We then write some test data into the DR site and checked that everything works. Once we’ve completed the test and it’s been successful, we can then fail back to the primary data centre.
To do that we use the command ‘snapmirror resync’ and specify the destination path. Again, this is done on the DR site. When using this command, any new data that was written to the destination (to the DR site) after the break is going to be deleted – it’s going to be overwritten with what was on the primary data centre prior to that initial break. Only do this if you don’t care about losing that data.
For example, you were testing DR and you just wrote some test information into the DR volume that you don’t actually need to keep, or if you actually did have a disaster and the destination volume was just used for dev/test and you don’t care about actually retaining any changes made to that volume while you were failed over to the DR site.
Recovery Scenario B – Restore Changes to Recovered Site – Part 1
The next recovery scenario to cover is if you do need to restore changes to the recovered site.
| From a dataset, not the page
(* Let $L$ be the star fork, the subfork, or the dot, and let $K,K'$ be proper pseudohexes such that $K$ is obtained from $K'$ by $L$-addition. Then $L_K$ can be safely reduced.
   Context: Pseudohex. A pseudohex is a bipartite graph $K$ (parallel edges allowed, no loops) whose edges are coloured blue, red and white, which is either empty or satisfies: (i) the blue edges form vertex-disjoint 6-cycles covering $V(K)$, called the hexagons of $K$; if a hexagon is the 6-cycle $v_0v_1\cdots v_5v_0$ we write $\bar{v_i}=v_{i+3}$ (indices mod 6); (ii) for each vertex $x$, $\{x,\bar x\}$ is a red edge of $K$ (further red edges may exist); (iii) the white edges form a perfect matching of $K$. A white edge $e=\{x,y\}$ is real if $\bar e=\{\bar x,\bar y\}$ is also a white edge and the only red edges sharing a vertex with $e$ or $\bar e$ are $\{x,\bar x\}$ and $\{y,\bar y\}$; non-real white edges are derived. An end is a red edge parallel to a white edge. $G^K$ is the graph whose vertices are the hexagons of $K$, two hexagons being adjacent iff some pair of real white edges $e,\bar e$ joins them. $K$ is proper if it has no end and $G^K$ is 2-connected with no cycle of length 2. Reduction. Let $h$ be a hexagon and $N$ one of the two perfect matchings of its blue 6-cycle. For each edge of $N$, let $P$ be the path formed by that edge and the two white edges adjacent to it. If $P$ is not a cycle of length 2, add a new white edge $e_P$ joining the end vertices of $P$, and for each red edge $\{u,w\}$ with $w$ an interior vertex of $P$ add a red edge $\{u,w'\}$ where $w'$ is the endpoint of $e_P$ in the same bipartition class as $w$. If $P$ is a cycle of length 2, then for each red edge $\{u,w\}$ with $w$ an interior vertex of $P$ add a red edge $\{u,\bar u\}$. Finally delete the vertices of $h$. Reducing hexagons $h_1,\dots,h_l$ by perfect matchings $N_1,\dots,N_l$ means performing these reductions successively; its contracted paths are the components (paths and cycles) of the subgraph of $K$ formed by $N_1\cup\dots\cup N_l$ together with all white edges having an endpoint in $V(h_1)\cup\dots\cup V(h_l)$. The reduction is safe if every contracted path/cycle contains at most one derived white edge of $K$; a set of hexagons can be safely reduced if some choice of perfect matchings gives a safe reduction. Fork-type graphs and addition. The star fork is $K_{1,3}$; the bold star fork has one half-edge at each of its three leaves. The subfork is a single edge (two vertices); the bold subfork has one half-edge at each of its two vertices. The dot is a single vertex; a bold dot has two or three half-edges attached to it. A graph is obtained from $G'$ by addition of the bold $L$ if it is obtained from the disjoint union of $G'$ and $L$ by joining each half-edge of the bold $L$ to a distinct vertex of degree 2 of $G'$. $K$ is obtained from $K'$ by $L$-addition if $G^K$ is obtained from $G^{K'}$ by addition of the bold $L$; $L_K$ is the set of hexagons of $K$ corresponding to the vertices of $L$. *)

theory Defs
  imports Main
begin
This is where we’ve actually had a real disaster at a primary data centre and we failed over to our DR site. Let’s say the primary data centre was down for a week. During that week, we’ve been making changes to our volumes in the DR data centre and we now want to fail back to the primary data centre when it’s online again. We’ll need to replicate the changes during that week from the DR data centre back to the primary data centre. To do this, we need to reverse the direction of the SnapMirror relationship.
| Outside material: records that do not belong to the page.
text \<open>Inside the alive region the completion rises towards some alive vertex other than the
  output \<open>a\<close>; if \<open>a\<close> is the only alive vertex it gets height \<open>0\<close>, below its neighbours, whose
  heights are already fixed and positive.\<close>

definition adv_completion :: "'v adversary \<Rightarrow> 'v \<Rightarrow> 'v \<Rightarrow> real" where
  "adv_completion s a u =
     (if u \<notin> alive s then height s u
      else if alive s = {a} then 0
      else real (clock s) + 1
             + 1 / (real (dist_within E (alive s) u (SOME r. r \<in> alive s \<and> r \<noteq> a)) + 1))"

lemma adv_completion_not_local_max:
  assumes I: "adv_invariant s" and ne: "alive s \<noteq> {}"
  shows "\<not> is_local_max V E (adv_completion s a) a"
proof
  assume "is_local_max V E (adv_completion s a) a"
  then have aV: "a \<in> V" and le: "\<And>b. b \<in> V \<Longrightarrow> E a b \<Longrightarrow> adv_completion s a b \<le> adv_completion s a a"
    unfolding is_local_max_def by auto
  note D = adv_invariantD[OF I]
  let ?f = "adv_completion s a"
  have above: "height s u < ?f w" if "u \<in> V - alive s" "w \<in> alive s" "alive s \<noteq> {a}" for u w
  proof -
    have "height s u \<le> real (clock s)" using D(7) that(1) by blast
    moreover have "0 < 1 / (real d + 1)" for d :: nat by simp
    ultimately have "height s u < real (clock s) + 1 + 1 / (real d + 1)" for d :: nat
      by (smt (verit))
    then show ?thesis using that by (simp add: adv_completion_def)
  qed
  consider "a \<notin> alive s" | "alive s = {a}" | "a \<in> alive s" "alive s \<noteq> {a}" by blast
  then show False
  proof cases
    case 1
    then obtain w where w: "w \<in> V" "E a w" "w \<in> alive s \<or> height s a < height s w"
      using D(8) ne aV by blast
    have "alive s \<noteq> {a}" using 1 by blast
    then have "?f a < ?f w" using above[of a w] 1 aV w(3)
      by (cases "w \<in> alive s") (simp_all add: adv_completion_def)
    then show False using le[OF w(1,2)] by simp
  next
    case 2
    obtain w where w: "w \<in> V" "E a w" "w \<noteq> a" using has_neighbour[OF aV] by blast
    then have "0 < ?f w" using D(7)[of w] 2 by (simp add: adv_completion_def)
    moreover have "?f a = 0" using 2 by (simp add: adv_completion_def)
    ultimately show False using le[OF w(1,2)] by simp
  next
    case 3
    define r where "r = (SOME r. r \<in> alive s \<and> r \<noteq> a)"
    have "\<exists>r. r \<in> alive s \<and> r \<noteq> a" using 3 by blast
    then have r: "r \<in> alive s" "r \<noteq> a" unfolding r_def by (metis (mono_tags, lifting) someI_ex)+
    have "reachable_within E (alive s) a r" using D(5) 3(1) r(1) by blast
    from dist_within_decreasing_neighbour[OF this r(2)[symmetric]]
    obtain b where b: "b \<in> alive s" "E a b" "dist_within E (alive s) b r < dist_within E (alive s) a r"
      by blast
    have "1 / (real x + 1) < 1 / (real y + 1)" if "y < x" for x y :: nat
      using that by (simp add: field_simps)
    then have "?f a < ?f b" using b 3 unfolding adv_completion_def r_def[symmetric] by simp
    moreover have "b \<in> V" using b(1) D(1) by blast
    ultimately show False using le[OF _ b(2)] by fastforce
  qed
qed

theorem correct_algorithm_finds_balanced_separator:
  assumes correct: "\<And>f. is_local_max V E f (qt_result T f)"
  shows "\<exists>Q f. balanced_separator V E Q \<and> card Q \<le> qt_cost T f"
proof -
  obtain a s where run: "adv_run T adv_init = (a, s)" by fastforce
  have I: "adv_invariant s" using adv_run_invariant[OF adv_invariant_init, of T] run by simp
  have "alive s = {}"
  proof (rule ccontr)
    assume ne: "alive s \<noteq> {}"
    have "qt_result T (adv_completion s a) = fst (adv_run T adv_init)"
      using adv_run_consistent[of T adv_init "adv_completion s a"] run
      by (simp add: adv_completion_def)
    then have "qt_result T (adv_completion s a) = a" using run by simp
    then show False using adv_completion_not_local_max[OF I ne, of a] correct[of "adv_completion s a"]
      by simp
  qed
  then obtain Q where Q: "balanced_separator V E Q" "card Q \<le> clock s"
    using adv_invariantD(9)[OF I] by auto
  have "qt_cost T (height s) + clock adv_init = clock s"
    using adv_run_consistent[of T adv_init "height s"] run by simp
  then have "card Q \<le> qt_cost T (height s)" using Q(2) by (simp add: adv_init_def)
  then show ?thesis using Q(1) by blast
qed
The first thing we do is run the ‘snapmirror delete’ command with the destination path. Again, all these commands are configured on the destination side, so this is on the DR site.
Recovery Scenario B – Restore Changes to Recovered Site – Part 2
Now we’re ready to reverse the direction of the SnapMirror relationship, so we’re going to create a new relationship on our primary cluster with the DR as the source. Our commands are always done on the destination side. The primary data centre is going to be the new destination now, so these commands are done on the primary data centre.
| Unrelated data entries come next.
(* For $n\ge1$ let \[\alpha_n=\inf\{s\in[-1,0):\ C_{a,R_n}(X)>0,\ C_{a,S_n}(X)>0,\ C_{a,T_n}(X)>0\ \text{for all }X\in(s,0)\}.\] Then $\alpha_{n+1}\le\alpha_n$ for all $n\ge1$. Moreover, $\alpha_{n+1}=\alpha_n$ if and only if one of the following holds: (a) $\alpha_m=-1$ for all $m\ge n$; in this case $C_a(X)>0$ for all $X\in(-1,1)$. (b) $\alpha_m=\alpha_n>-1$ for all $m\ge n$, and $C_{a,R_m}(\alpha_m)=C_{a,S_m}(\alpha_m)=C_{a,T_m}(\alpha_m)=0$ for all $m\ge n$; in this case $C_a(\alpha_n)=0$ and $C_a(X)>0$ for all $X\in(\alpha_n,1)$.
   Context: The Fibonacci substitution is $\sigma(a)=ab$, $\sigma(b)=a$; $w=w_0w_1\ldots=\lim_{m\to\infty}\sigma^m(a)$ is its fixed point starting with $a$, and $C_a(X)=\sum_{n\ge0}1_a(w_n)X^n$ (convergent for $|X|<1$). Let $A_n=\sigma^n(a)$, $B_n=\sigma^n(b)$, $R_n=A_{3n}B_{3n}$, $S_n=A_{3n}A_{3n}$, $T_n=B_{3n}A_{3n}$ (concatenations). For a finite word $u=u_0\cdots u_L$ over $\{a,b\}$, $C_{a,u}(X)=\sum_{i=0}^{L}1_a(u_i)X^i$, a polynomial evaluated at real $X$. *)

theory Defs
  imports Complex_Main
begin

datatype letter = La | Lb

fun sigma_letter :: "letter \<Rightarrow> letter list" where
  "sigma_letter La = [La, Lb]"
| "sigma_letter Lb = [La]"

definition sigma :: "letter list \<Rightarrow> letter list" where
  "sigma u = concat (map sigma_letter u)"

definition fibA :: "nat \<Rightarrow> letter list" where
  "fibA n = (sigma ^^ n) [La]"

definition fibB :: "nat \<Rightarrow> letter list" where
  "fibB n = (sigma ^^ n) [Lb]"

definition fibR :: "nat \<Rightarrow> letter list" where
  "fibR n = fibA (3*n) @ fibB (3*n)"

definition fibS :: "nat \<Rightarrow> letter list" where
  "fibS n = fibA (3*n) @ fibA (3*n)"

definition fibT :: "nat \<Rightarrow> letter list" where
  "fibT n = fibB (3*n) @ fibA (3*n)"

text \<open>The fixed point w = lim sigma^m(a): since each A_m is a prefix of A_(m+1)
  and length (A_(n+1)) > n, the n-th letter of w is the n-th letter of A_(n+1).\<close>
definition fibw :: "nat \<Rightarrow> letter" where
  "fibw n = fibA (Suc n) ! n"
First we run ‘snapmirror create’. The destination path is now going to be ‘DetpA:vol1’. The source path is going to be ‘DeptA_DP:vol1_DP’ and we add ‘-type dp’ again. Then, if we were doing the initial setup, the next command would be ‘snapmirror initialise’ to do the initial baseline transfer. We don’t need to do that here because we’ve still got the snapshots on the primary and the DR site so we can use those to just replicate the incremental changes across.
To do that, again on the primary site, we run the command ‘snapmirror resync’ and specify the destination path. This will now replicate the changes that happened in the DR site over the previous week back over to the primary data centre. We don’t need to do a complete baseline transfer again. When that is done, we now have the current copy of the data in the primary data centre.
Recovery Scenario B – Restore Changes to Recovered Site – Part 3
Our problem now is that the disaster recovery site is still a writable copy and it is replicating to the primary site which is read-only. We want it to be the other way around -we want the primary data centre to be the writable copy again. To do that, we need to once again break the SnapMirror relationship.
On the primary data centre (because it’s currently the destination), we run a ‘snapmirror quiesce’, a ‘snapmirror break’ and then a ‘snapmirror delete’.
Then, back on the DR site, we’re going to reverse the direction again so we’re running from the primary to the DR site.
On the DR site we run ‘snapmirror create’. The destination path is going to be on the DR site now, so that’s ‘DeptA_DP:vol1_DP’. The source path is at our main site, so that’s ‘DeptA:vol1’. The type is DP, and we’re going to configure a schedule of 10 minutes again.
Next we need to resynchronize the relationship. We don’t need to do an initialise because we’ve still got the snapshots there, so we can just do the incremental changes. The command is ‘snapmirror resync’ again. Once we’ve done that, we’re back to how we started. The primary data centre is the writable copy and we’re replicating to the disaster recovery site which is the read-only copy.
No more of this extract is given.